Honestly, I wouldn't be surprised to see some re-consideration of the current rules interpretation. My design and the ones that I used for guidance (like the Warmacks) are legal by virtue of the center rails not being precisely on the centerline but are actually fractionally offset to either side. I'm not 100% sure either way that this should be legal or not. However, currently it is......and so I'm going to continue to play with it for a while.

 

The car shown in this thread was an easy winner yesterday in it's first race outing. I don't know that it will be a game changer in other applications or not. If it is, then I'm going to have to address the situation as to whether to allow the concept or come up with a ruling to outlaw it.
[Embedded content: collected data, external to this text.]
(* Let $m,n\in\mathbb{N}$, $A\in\mathcal{A}(\bm{p})^{m\times n}$ and $b\in\mathcal{A}(\bm{p})^{m\times1}$. The following are equivalent: (1) there exists $x\in\mathcal{A}(\bm{p})^{n\times1}$ with $A\ast x=b$; (2) there exists $\delta>0$ such that for all $k\in\mathbb{N}_0$ and all $y\in\mathbb{C}^{m\times1}$, $\|(\widehat A(k))^*y\|_2\ge\delta\,|\langle y,\widehat b(k)\rangle_2|$.
   Context: Fix $\bm{p}:\mathbb{N}_0\to(0,\infty)$ with $\lim_{n\to\infty}\bm{p}(n)^{1/n}=\infty$. For an entire function $f$ write $f(z)=\sum_{n\ge0}\widehat f(n)z^n$. $\mathcal{A}(\bm{p})$ is the set of entire functions $f$ with $\sup_{n\ge 0}\bm{p}(n)|\widehat f(n)|<\infty$, with pointwise addition and scalar multiplication and the weighted Hadamard product $(f\ast g)(z)=\sum_{n\ge0}\bm{p}(n)\widehat f(n)\widehat g(n)z^n$. Matrix products of matrices over $\mathcal{A}(\bm{p})$ use $\ast$ for entrywise multiplication. For a matrix $A=[a_{ij}]$ with entries in $\mathcal{A}(\bm{p})$ and $k\in\mathbb{N}_0$, $\widehat A(k)$ is the complex matrix $[\widehat{a_{ij}}(k)]$. $\langle\cdot,\cdot\rangle_2$ is the Euclidean inner product on $\mathbb{C}^{m\times 1}$, $\|\cdot\|_2$ the Euclidean norm, and $M^*$ the conjugate transpose of a complex matrix $M$. *)

theory Defs
  imports "HOL-Analysis.Analysis"
begin

definition coef :: "(complex \<Rightarrow> complex) \<Rightarrow> nat \<Rightarrow> complex" where
  "coef f n = (deriv ^^ n) f 0 / of_nat (fact n)"

definition admissible_weight :: "(nat \<Rightarrow> real) \<Rightarrow> bool" where
  "admissible_weight p \<longleftrightarrow> (\<forall>n. p n > 0) \<and> filterlim (\<lambda>n. root n (p n)) at_top sequentially"

definition Ap :: "(nat \<Rightarrow> real) \<Rightarrow> (complex \<Rightarrow> complex) set" where
  "Ap p = {f. f holomorphic_on UNIV \<and> bdd_above (range (\<lambda>n. p n * cmod (coef f n)))}"

definition hprod :: "(nat \<Rightarrow> real) \<Rightarrow> (complex \<Rightarrow> complex) \<Rightarrow> (complex \<Rightarrow> complex) \<Rightarrow> complex \<Rightarrow> complex" where
  "hprod p f g = (\<lambda>z. \<Sum>n. of_real (p n) * coef f n * coef g n * z ^ n)"

definition mat_hprod :: "(nat \<Rightarrow> real) \<Rightarrow> nat \<Rightarrow> (nat \<Rightarrow> nat \<Rightarrow> complex \<Rightarrow> complex)
    \<Rightarrow> (nat \<Rightarrow> complex \<Rightarrow> complex) \<Rightarrow> nat \<Rightarrow> complex \<Rightarrow> complex" where
  "mat_hprod p n A x = (\<lambda>i z. \<Sum>j<n. hprod p (A i j) (x j) z)"

definition adj_apply_norm :: "nat \<Rightarrow> nat \<Rightarrow> (nat \<Rightarrow> nat \<Rightarrow> complex) \<Rightarrow> (nat \<Rightarrow> complex) \<Rightarrow> real" where
  "adj_apply_norm m n M y = sqrt (\<Sum>j<n. (cmod (\<Sum>i<m. cnj (M i j) * y i))\<^sup>2)"

definition inner2 :: "nat \<Rightarrow> (nat \<Rightarrow> complex) \<Rightarrow> (nat \<Rightarrow> complex) \<Rightarrow> complex" where
  "inner2 m y w = (\<Sum>i<m. y i * cnj (w i))"

end

theory Submission
  imports Defs "HOL-Complex_Analysis.Complex_Analysis"
begin

text \<open>Write \<open>A\<^sub>k\<close>, \<open>b\<^sub>k\<close>, \<open>x\<^sub>k\<close> for the \<open>k\<close>-th Taylor coefficients. Coefficientwise,
  \<open>A \<ast> x = b\<close> says \<open>A\<^sub>k v\<^sub>k = b\<^sub>k\<close> for every \<open>k\<close>, where \<open>v\<^sub>k = p(k) x\<^sub>k\<close>; and \<open>x \<in> A(p)\<close> means
  exactly that the vectors \<open>v\<^sub>k\<close> are uniformly bounded, because the growth of \<open>p\<close> turns every
  such coefficient sequence into an entire function. The theorem is therefore a uniform version of
  a finite-dimensional fact: \<open>M v = c\<close> has a solution with \<open>\<parallel>v\<parallel> \<le> 1/\<delta>\<close> iff
  \<open>\<parallel>M\<^sup>* y\<parallel> \<ge> \<delta> |\<langle>y, c\<rangle>|\<close> for all \<open>y\<close>. One direction is the estimate
  \<open>|\<langle>y, M v\<rangle>| = |\<langle>M\<^sup>* y, v\<rangle>|\<close>. For the other, the Fredholm alternative either solves the normal
  equations \<open>M M\<^sup>* u = c\<close>, and then \<open>v = M\<^sup>* u\<close> satisfies
  \<open>\<parallel>v\<parallel>\<^sup>2 = \<langle>u, c\<rangle> \<le> \<parallel>M\<^sup>* u\<parallel>/\<delta> = \<parallel>v\<parallel>/\<delta>\<close>, or yields \<open>y\<close> with \<open>M\<^sup>* y = 0\<close> and
  \<open>\<langle>y, c\<rangle> \<noteq> 0\<close>, contradicting the inequality.\<close>

definition mat_vec :: "nat \<Rightarrow> (nat \<Rightarrow> nat \<Rightarrow> 'a::semiring_0) \<Rightarrow> (nat \<Rightarrow> 'a) \<Rightarrow> nat \<Rightarrow> 'a" where
  "mat_vec n M v = (\<lambda>i. \<Sum>j<n. M i j * v j)"

definition adj_vec :: "nat \<Rightarrow> (nat \<Rightarrow> nat \<Rightarrow> complex) \<Rightarrow> (nat \<Rightarrow> complex) \<Rightarrow> nat \<Rightarrow> complex" where
  "adj_vec m M y = (\<lambda>j. \<Sum>i<m. cnj (M i j) * y i)"

lemma adj_apply_norm_eq: "adj_apply_norm m n M y = sqrt (\<Sum>j<n. (cmod (adj_vec m M y j))\<^sup>2)"
  unfolding adj_apply_norm_def adj_vec_def ..

lemma adj_apply_norm_nonneg: "adj_apply_norm m n M y \<ge> 0"
  unfolding adj_apply_norm_def by (intro real_sqrt_ge_zero sum_nonneg) auto

lemma inner2_cong: "(\<And>i. i < m \<Longrightarrow> w i = w' i) \<Longrightarrow> inner2 m y w = inner2 m y w'"
  unfolding inner2_def by (intro sum.cong) auto

lemma inner2_self: "inner2 n v v = of_real (\<Sum>j<n. (cmod (v j))\<^sup>2)"
  unfolding inner2_def of_real_sum complex_norm_square ..

lemma inner2_mat_vec: "inner2 m y (mat_vec n M v) = inner2 n (adj_vec m M y) v"
proof -
  have "inner2 m y (mat_vec n M v) = (\<Sum>i<m. \<Sum>j<n. cnj (M i j) * y i * cnj (v j))"
    by (simp add: inner2_def mat_vec_def cnj_sum sum_distrib_left mult_ac)
  also have "\<dots> = inner2 n (adj_vec m M y) v"
    by (subst sum.swap) (simp add: inner2_def adj_vec_def sum_distrib_right)
  finally show ?thesis .
qed

lemma mat_vec_adj_vec:
  "mat_vec n M (adj_vec m M u) = mat_vec m (\<lambda>i l. \<Sum>j<n. M i j * cnj (M l j)) u"
proof
  fix i
  have "mat_vec n M (adj_vec m M u) i = (\<Sum>j<n. \<Sum>l<m. M i j * cnj (M l j) * u l)"
    by (simp add: mat_vec_def adj_vec_def sum_distrib_left mult_ac)
  also have "\<dots> = mat_vec m (\<lambda>i l. \<Sum>j<n. M i j * cnj (M l j)) u i"
    by (subst sum.swap) (simp add: mat_vec_def sum_distrib_right)
  finally show "mat_vec n M (adj_vec m M u) i = mat_vec m (\<lambda>i l. \<Sum>j<n. M i j * cnj (M l j)) u i" .
qed

lemma norm_inner2_mat_vec_le:
  "cmod (inner2 m y (mat_vec n M v)) \<le> (\<Sum>j<n. cmod (v j)) * adj_apply_norm m n M y"
proof -
  have adj: "cmod (adj_vec m M y j) \<le> adj_apply_norm m n M y" if "j < n" for j
    unfolding adj_apply_norm_eq using that by (intro real_le_rsqrt member_le_sum) auto
  have "cmod (inner2 m y (mat_vec n M v)) \<le> (\<Sum>j<n. cmod (adj_vec m M y j) * cmod (v j))"
    unfolding inner2_mat_vec unfolding inner2_def by (rule order_trans[OF norm_sum]) (simp add: norm_mult)
  also have "\<dots> \<le> (\<Sum>j<n. adj_apply_norm m n M y * cmod (v j))"
    using adj by (intro sum_mono mult_right_mono) auto
  finally show ?thesis by (simp add: sum_distrib_left mult.commute)
qed

lemma adj_apply_norm_eq_0_if_gram_kernel:
  assumes "\<And>l. l < m \<Longrightarrow> mat_vec n M (adj_vec m M y) l = 0"
  shows "adj_apply_norm m n M y = 0"
proof -
  have "of_real (\<Sum>j<n. (cmod (adj_vec m M y j))\<^sup>2) = inner2 m y (mat_vec n M (adj_vec m M y))"
    by (simp add: inner2_mat_vec inner2_self)
  also have "\<dots> = 0"
    using assms by (simp add: inner2_def)
  finally show ?thesis
    unfolding adj_apply_norm_eq by (simp only: of_real_eq_0_iff real_sqrt_eq_zero_cancel_iff)
qed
I'm also cognizant of all the national organizations and their interpretations. While I'm a little more restrictive than IRRA in some areas (for example bodies), I do pretty much follow what they and So-Cal do for chassis regs. While the jury will be out for a while, it wouldn't be a total shock that some form of this design might be a game changer and thus, might be something that we want to re-consider vs. the original concept of retro racing.

 

Back to your pic, that gets me brain spinning again. I have a lot to do in experimenting with the F-1s and starting to play with the Can Ams but I hadn't thought far enough ahead to the anglewinders yet. (or geeeze....the 1/32nd) I really like your design there and will likely try to get one similar going before our next coupe race.

 

Thanks for the brain teaser....awsome work as always.